• [Task statement]:
Your response needs to be the data below, retyped exactly.

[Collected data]
lemma ereal_le_epsilon_mult:
  fixes x y :: ereal
  assumes "0 \<le> y" and le: "\<And>e. e > 0 \<Longrightarrow> x \<le> ereal (1 + e) * y"
  shows "x \<le> y"
proof (cases y)
  case (real l)
  show ?thesis
  proof (rule ereal_le_epsilon2)
    fix e :: real assume "e > 0"
    have "l \<ge> 0"
      using assms(1) real by simp
    then have "x \<le> ereal (1 + e / (l + 1)) * y"
      using le \<open>e > 0\<close> by simp
    also have "\<dots> \<le> y + ereal e"
      using \<open>l \<ge> 0\<close> \<open>e > 0\<close> real by (simp add: field_simps)
    finally show "x \<le> y + ereal e" .
  qed
qed (use assms(1) in auto)

lemma Liminf_at_right_0_rescale:
  fixes f :: "real \<Rightarrow> 'a::complete_linorder"
  assumes "c > 0"
  shows "Liminf (at_right 0) (\<lambda>r. f (c * r)) = Liminf (at_right 0) f"
  using Liminf_filtermap_eq[of "(*) c" "at_right 0" f] assms
  by (simp add: filtermap_times_pos_at_right)

lemma Limsup_at_right_0_rescale:
  fixes f :: "real \<Rightarrow> 'a::complete_linorder"
  assumes "c > 0"
  shows "Limsup (at_right 0) (\<lambda>r. f (c * r)) = Limsup (at_right 0) f"
  using Limsup_filtermap_eq[of "(*) c" "at_right 0" f] assms
  by (simp add: filtermap_times_pos_at_right)

lemma Liminf_at_right_0_squeeze:
  fixes a b :: "real \<Rightarrow> real"
  assumes nonneg: "\<forall>\<^sub>F r in at_right 0. 0 \<le> a r"
    and lower: "\<forall>\<^sub>F r in at_right 0. a r \<le> b r"
    and upper: "\<And>e. e > 0 \<Longrightarrow> \<forall>\<^sub>F r in at_right 0. b r \<le> (1 + e) * a (r / 2)"
  shows "Liminf (at_right 0) (\<lambda>r. ereal (b r)) = Liminf (at_right 0) (\<lambda>r. ereal (a r))"
proof (rule antisym)
  let ?F = "at_right (0::real)"
  have "0 \<le> Liminf ?F (\<lambda>r. ereal (a r))"
    by (rule Liminf_bounded) (use nonneg in \<open>auto elim: eventually_mono\<close>)
  then show "Liminf ?F (\<lambda>r. ereal (b r)) \<le> Liminf ?F (\<lambda>r. ereal (a r))"
  proof (rule ereal_le_epsilon_mult)
    fix e :: real assume "e > 0"
    have "Liminf ?F (\<lambda>r. ereal (b r)) \<le> Liminf ?F (\<lambda>r. ereal (1 + e) * ereal (a (r / 2)))"
      by (rule Liminf_mono) (use upper[OF \<open>e > 0\<close>] in \<open>auto elim: eventually_mono\<close>)
    also have "\<dots> = ereal (1 + e) * Liminf ?F (\<lambda>r. ereal (a (r / 2)))"
      using \<open>e > 0\<close> by (intro Liminf_ereal_mult_left) auto
    also have "Liminf ?F (\<lambda>r. ereal (a (r / 2))) = Liminf ?F (\<lambda>r. ereal (a r))"
      using Liminf_at_right_0_rescale[of "1/2" "\<lambda>r. ereal (a r)"] by simp
    finally show "Liminf ?F (\<lambda>r. ereal (b r)) \<le> ereal (1 + e) * Liminf ?F (\<lambda>r. ereal (a r))" .
  qed
  show "Liminf ?F (\<lambda>r. ereal (a r)) \<le> Liminf ?F (\<lambda>r. ereal (b r))"
    by (rule Liminf_mono) (use lower in \<open>auto elim: eventually_mono\<close>)
qed

lemma Limsup_at_right_0_squeeze:
  fixes a b :: "real \<Rightarrow> real"
  assumes nonneg: "\<forall>\<^sub>F r in at_right 0. 0 \<le> a r"
    and lower: "\<forall>\<^sub>F r in at_right 0. a r \<le> b r"
    and upper: "\<And>e. e > 0 \<Longrightarrow> \<forall>\<^sub>F r in at_right 0. b r \<le> (1 + e) * a (r / 2)"
  shows "Limsup (at_right 0) (\<lambda>r. ereal (b r)) = Limsup (at_right 0) (\<lambda>r. ereal (a r))"
proof (rule antisym)
  let ?F = "at_right (0::real)"
  have "0 \<le> Limsup ?F (\<lambda>r. ereal (a r))"
  proof -
    have "0 \<le> Liminf ?F (\<lambda>r. ereal (a r))"
      by (rule Liminf_bounded) (use nonneg in \<open>auto elim: eventually_mono\<close>)
    also have "\<dots> \<le> Limsup ?F (\<lambda>r. ereal (a r))"
      by (rule Liminf_le_Limsup) simp
    finally show ?thesis .
  qed
  then show "Limsup ?F (\<lambda>r. ereal (b r)) \<le> Limsup ?F (\<lambda>r. ereal (a r))"
  proof (rule ereal_le_epsilon_mult)
    fix e :: real assume "e > 0"
    have "Limsup ?F (\<lambda>r. ereal (b r)) \<le> Limsup ?F (\<lambda>r. ereal (1 + e) * ereal (a (r / 2)))"
      by (rule Limsup_mono) (use upper[OF \<open>e > 0\<close>] in \<open>auto elim: eventually_mono\<close>)
    also have "\<dots> = ereal (1 + e) * Limsup ?F (\<lambda>r. ereal (a (r / 2)))"
      using \<open>e > 0\<close> by (intro Limsup_ereal_mult_left) auto
    also have "Limsup ?F (\<lambda>r. ereal (a (r / 2))) = Limsup ?F (\<lambda>r. ereal (a r))"
      using Limsup_at_right_0_rescale[of "1/2" "\<lambda>r. ereal (a r)"] by simp
    finally show "Limsup ?F (\<lambda>r. ereal (b r)) \<le> ereal (1 + e) * Limsup ?F (\<lambda>r. ereal (a r))" .
  qed
  show "Limsup ?F (\<lambda>r. ereal (a r)) \<le> Limsup ?F (\<lambda>r. ereal (b r))"
    by (rule Limsup_mono) (use lower in \<open>auto elim: eventually_mono\<close>)
qed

• [Answer to this problem]:
lemma ereal_le_epsilon_mult:
  fixes x y :: ereal
  assumes "0 \<le> y" and le: "\<And>e. e > 0 \<Longrightarrow> x \<le> ereal (1 + e) * y"
  shows "x \<le> y"
proof (cases y)
  case (real l)
  show ?thesis
  proof (rule ereal_le_epsilon2)
    fix e :: real assume "e > 0"
    have "l \<ge> 0"
      using assms(1) real by simp
    then have "x \<le> ereal (1 + e / (l + 1)) * y"
      using le \<open>e > 0\<close> by simp
    also have "\<dots> \<le> y + ereal e"
      using \<open>l \<ge> 0\<close> \<open>e > 0\<close> real by (simp add: field_simps)
    finally show "x \<le> y + ereal e" .
  qed
qed (use assms(1) in auto)

lemma Liminf_at_right_0_rescale:
  fixes f :: "real \<Rightarrow> 'a::complete_linorder"
  assumes "c > 0"
  shows "Liminf (at_right 0) (\<lambda>r. f (c * r)) = Liminf (at_right 0) f"
  using Liminf_filtermap_eq[of "(*) c" "at_right 0" f] assms
  by (simp add: filtermap_times_pos_at_right)

lemma Limsup_at_right_0_rescale:
  fixes f :: "real \<Rightarrow> 'a::complete_linorder"
  assumes "c > 0"
  shows "Limsup (at_right 0) (\<lambda>r. f (c * r)) = Limsup (at_right 0) f"
  using Limsup_filtermap_eq[of "(*) c" "at_right 0" f] assms
  by (simp add: filtermap_times_pos_at_right)

lemma Liminf_at_right_0_squeeze:
  fixes a b :: "real \<Rightarrow> real"
  assumes nonneg: "\<forall>\<^sub>F r in at_right 0. 0 \<le> a r"
    and lower: "\<forall>\<^sub>F r in at_right 0. a r \<le> b r"
    and upper: "\<And>e. e > 0 \<Longrightarrow> \<forall>\<^sub>F r in at_right 0. b r \<le> (1 + e) * a (r / 2)"
  shows "Liminf (at_right 0) (\<lambda>r. ereal (b r)) = Liminf (at_right 0) (\<lambda>r. ereal (a r))"
proof (rule antisym)
  let ?F = "at_right (0::real)"
  have "0 \<le> Liminf ?F (\<lambda>r. ereal (a r))"
    by (rule Liminf_bounded) (use nonneg in \<open>auto elim: eventually_mono\<close>)
  then show "Liminf ?F (\<lambda>r. ereal (b r)) \<le> Liminf ?F (\<lambda>r. ereal (a r))"
  proof (rule ereal_le_epsilon_mult)
    fix e :: real assume "e > 0"
    have "Liminf ?F (\<lambda>r. ereal (b r)) \<le> Liminf ?F (\<lambda>r. ereal (1 + e) * ereal (a (r / 2)))"
      by (rule Liminf_mono) (use upper[OF \<open>e > 0\<close>] in \<open>auto elim: eventually_mono\<close>)
    also have "\<dots> = ereal (1 + e) * Liminf ?F (\<lambda>r. ereal (a (r / 2)))"
      using \<open>e > 0\<close> by (intro Liminf_ereal_mult_left) auto
    also have "Liminf ?F (\<lambda>r. ereal (a (r / 2))) = Liminf ?F (\<lambda>r. ereal (a r))"
      using Liminf_at_right_0_rescale[of "1/2" "\<lambda>r. ereal (a r)"] by simp
    finally show "Liminf ?F (\<lambda>r. ereal (b r)) \<le> ereal (1 + e) * Liminf ?F (\<lambda>r. ereal (a r))" .
  qed
  show "Liminf ?F (\<lambda>r. ereal (a r)) \<le> Liminf ?F (\<lambda>r. ereal (b r))"
    by (rule Liminf_mono) (use lower in \<open>auto elim: eventually_mono\<close>)
qed

lemma Limsup_at_right_0_squeeze:
  fixes a b :: "real \<Rightarrow> real"
  assumes nonneg: "\<forall>\<^sub>F r in at_right 0. 0 \<le> a r"
    and lower: "\<forall>\<^sub>F r in at_right 0. a r \<le> b r"
    and upper: "\<And>e. e > 0 \<Longrightarrow> \<forall>\<^sub>F r in at_right 0. b r \<le> (1 + e) * a (r / 2)"
  shows "Limsup (at_right 0) (\<lambda>r. ereal (b r)) = Limsup (at_right 0) (\<lambda>r. ereal (a r))"
proof (rule antisym)
  let ?F = "at_right (0::real)"
  have "0 \<le> Limsup ?F (\<lambda>r. ereal (a r))"
  proof -
    have "0 \<le> Liminf ?F (\<lambda>r. ereal (a r))"
      by (rule Liminf_bounded) (use nonneg in \<open>auto elim: eventually_mono\<close>)
    also have "\<dots> \<le> Limsup ?F (\<lambda>r. ereal (a r))"
      by (rule Liminf_le_Limsup) simp
    finally show ?thesis .
  qed
  then show "Limsup ?F (\<lambda>r. ereal (b r)) \<le> Limsup ?F (\<lambda>r. ereal (a r))"
  proof (rule ereal_le_epsilon_mult)
    fix e :: real assume "e > 0"
    have "Limsup ?F (\<lambda>r. ereal (b r)) \<le> Limsup ?F (\<lambda>r. ereal (1 + e) * ereal (a (r / 2)))"
      by (rule Limsup_mono) (use upper[OF \<open>e > 0\<close>] in \<open>auto elim: eventually_mono\<close>)
    also have "\<dots> = ereal (1 + e) * Limsup ?F (\<lambda>r. ereal (a (r / 2)))"
      using \<open>e > 0\<close> by (intro Limsup_ereal_mult_left) auto
    also have "Limsup ?F (\<lambda>r. ereal (a (r / 2))) = Limsup ?F (\<lambda>r. ereal (a r))"
      using Limsup_at_right_0_rescale[of "1/2" "\<lambda>r. ereal (a r)"] by simp
    finally show "Limsup ?F (\<lambda>r. ereal (b r)) \<le> ereal (1 + e) * Limsup ?F (\<lambda>r. ereal (a r))" .
  qed
  show "Limsup ?F (\<lambda>r. ereal (a r)) \<le> Limsup ?F (\<lambda>r. ereal (b r))"
    by (rule Limsup_mono) (use lower in \<open>auto elim: eventually_mono\<close>)
qed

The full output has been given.